Actually I think we are doing very well, though I can see why
you might be a little rattled looking at it from the outside. I
apologize for that, and I will try to explain what is going on the
alleviate any concerns. In fact, I am going to go into great detail,
this is as much a philosophical document as it is an explanation :-)
It is virtually the only form of development possible for a one-man
project, or even a two or three-man project.

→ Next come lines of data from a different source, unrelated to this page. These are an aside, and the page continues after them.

(* For complex parameters $\nu,\mu$ such that all terms are defined, and complex $x$, $$e^{-x}\sum_{n\ge0}\frac{(-x)^n}{(\mu)_n}\left\{L_n^{(\nu)}(x)-\frac{x}{\nu+2}L_n^{(\nu+1)}(x)\right\}={}_3F_3\!\left[\begin{matrix}\nu+3,\ \frac{\mu}{2}+\frac{\nu}{2}+1,\ \frac{\mu}{2}+\frac{\nu}{2}+\frac12\\ \nu+2,\ \mu,\ \mu+\nu+1\end{matrix};-4x\right]+\frac{2x}{\mu}\,{}_3F_3\!\left[\begin{matrix}\nu+3,\ \frac{\mu}{2}+\frac{\nu}{2}+1,\ \frac{\mu}{2}+\frac{\nu}{2}+\frac32\\ \nu+2,\ \mu+1,\ \mu+\nu+2\end{matrix};-4x\right]$$ $$+\frac{x^2}{\mu(\mu+1)}\,{}_3F_3\!\left[\begin{matrix}\nu+3,\ \frac{\mu}{2}+\frac{\nu}{2}+2,\ \frac{\mu}{2}+\frac{\nu}{2}+\frac32\\ \nu+2,\ \mu+2,\ \mu+\nu+3\end{matrix};-4x\right].$$
   Context: $(a)_k=a(a+1)\cdots(a+k-1)$ is the Pochhammer symbol; ${}_3F_3\!\left[\begin{matrix}a_1,a_2,a_3\\ b_1,b_2,b_3\end{matrix};z\right]=\sum_{k\ge0}\frac{(a_1)_k(a_2)_k(a_3)_k}{(b_1)_k(b_2)_k(b_3)_k}\frac{z^k}{k!}$. $L_n^{(\alpha)}(x)=\frac{(\alpha+1)_n}{n!}\sum_{k=0}^n\frac{(-n)_k}{(\alpha+1)_k}\frac{x^k}{k!}$ is the generalized Laguerre polynomial. *)

theory Defs
  imports "HOL-Analysis.Analysis"
begin

definition hyp3F3 :: "complex \<Rightarrow> complex \<Rightarrow> complex \<Rightarrow> complex \<Rightarrow> complex \<Rightarrow> complex \<Rightarrow> complex \<Rightarrow> complex" where
  "hyp3F3 a1 a2 a3 b1 b2 b3 z =
     (\<Sum>k. (pochhammer a1 k * pochhammer a2 k * pochhammer a3 k) /
           (pochhammer b1 k * pochhammer b2 k * pochhammer b3 k) * z ^ k / fact k)"

definition laguerre :: "nat \<Rightarrow> complex \<Rightarrow> complex \<Rightarrow> complex" where
  "laguerre n \<alpha> x =
     pochhammer (\<alpha> + 1) n / fact n *
       (\<Sum>k\<le>n. pochhammer (- of_nat n) k / pochhammer (\<alpha> + 1) k * x ^ k / fact k)"

end

theory Submission
  imports Defs
begin

(* Kummer's transformation e^(-x) L_n^(a)(x) = sum_i (-1)^i (a+1+i)_n x^i / (n! i!) is a consequence
   of the Chu-Vandermonde sum. Inserted into sum_n (-x)^n L_n^(a)(x) / (mu)_n it yields an absolutely
   convergent double series whose antidiagonal sums are, by Chu-Vandermonde once more, the
   coefficients (-x)^m (mu+a+m)_m / ((mu)_m m!). On the other side, the duplication formula
   (w)_(2k) = 4^k (w/2)_k ((w+1)/2)_k turns each 3F3 at -4x into a power series in -x with
   coefficients of the same shape. Comparing coefficients of x^m, where the factors x and x^2 shift
   the indices, leaves a polynomial identity. *)

lemma notin_nonpos_Ints_iff: "(a :: 'a :: ring_char_0) \<notin> \<int>\<^sub>\<le>\<^sub>0 \<longleftrightarrow> (\<forall>n. a \<noteq> - of_nat n)"
  by (auto elim!: nonpos_Ints_cases')

lemma pochhammer_neq_0_if_notin_nonpos_Ints:
  "(a :: 'a :: field_char_0) \<notin> \<int>\<^sub>\<le>\<^sub>0 \<Longrightarrow> pochhammer a n \<noteq> 0"
  by (auto simp: pochhammer_eq_0_iff)

lemma plus_of_nat_notin_nonpos_Ints:
  "(a :: 'a :: ring_char_0) \<notin> \<int>\<^sub>\<le>\<^sub>0 \<Longrightarrow> a + of_nat n \<notin> \<int>\<^sub>\<le>\<^sub>0"
  using nonpos_Ints_diff_Nats[of "a + of_nat n" "of_nat n"] by auto

lemma plus_of_nat_neq_0_if_notin_nonpos_Ints:
  "(a :: 'a :: ring_char_0) \<notin> \<int>\<^sub>\<le>\<^sub>0 \<Longrightarrow> a + of_nat n \<noteq> 0"
  using plus_of_nat_notin_nonpos_Ints[of a n] by auto

section \<open>The Chu-Vandermonde sum\<close>

lemma sum_binomial_Suc:
  fixes f :: "nat \<Rightarrow> 'a::comm_ring_1"
  shows "(\<Sum>k\<le>Suc m. of_nat (Suc m choose k) * f k) =
         (\<Sum>k\<le>m. of_nat (m choose k) * f k) + (\<Sum>k\<le>m. of_nat (m choose k) * f (Suc k))"
proof -
  have "(\<Sum>k\<le>Suc m. of_nat (Suc m choose k) * f k)
      = f 0 + (\<Sum>k\<le>m. of_nat (m choose k) * f (Suc k)) + (\<Sum>k\<le>m. of_nat (m choose Suc k) * f (Suc k))"
    by (subst sum.atMost_Suc_shift)
       (simp only: binomial_Suc_Suc of_nat_add distrib_right sum.distrib add.assoc binomial_n_0 of_nat_1 mult_1_left)
  moreover have "f 0 + (\<Sum>k\<le>m. of_nat (m choose Suc k) * f (Suc k)) = (\<Sum>k\<le>m. of_nat (m choose k) * f k)"
  proof -
    have "f 0 + (\<Sum>k\<le>m. of_nat (m choose Suc k) * f (Suc k)) = (\<Sum>k\<le>Suc m. of_nat (m choose k) * f k)"
      by (subst sum.atMost_Suc_shift) simp
    also have "\<dots> = (\<Sum>k\<le>m. of_nat (m choose k) * f k)"
      by (simp add: binomial_eq_0)
    finally show ?thesis .
  qed
  ultimately show ?thesis by (simp add: algebra_simps)
qed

Nearly all the bug flow is due to the continued work being pushed into
the filesystem. That work essentially ended last weekend with the
last major mirroring infrastructure commit.

Virtually none of the bug flow is related to the older HAMMER code
pertaining to basic filesystem operation. For example, the UNDO
crash recovery and filesystem corruption bugs stopped occuring almost
a month ago. Basic filesystem operations... read, write, open, close,
readdir, chmod, etc.. have been stable for well over 2 months.
Historical lookups and snapshots have been stable for over 3 months.
I purposefully destabilized truncation for a few days last week,
and I purposefully destabilized the deadlock handling for a few days
last weekend, all in order to the mirroring code operational (and in
the case of truncation to fix UNDO FIFO issues related to the
limited UNDO space in small HAMMER filesystems).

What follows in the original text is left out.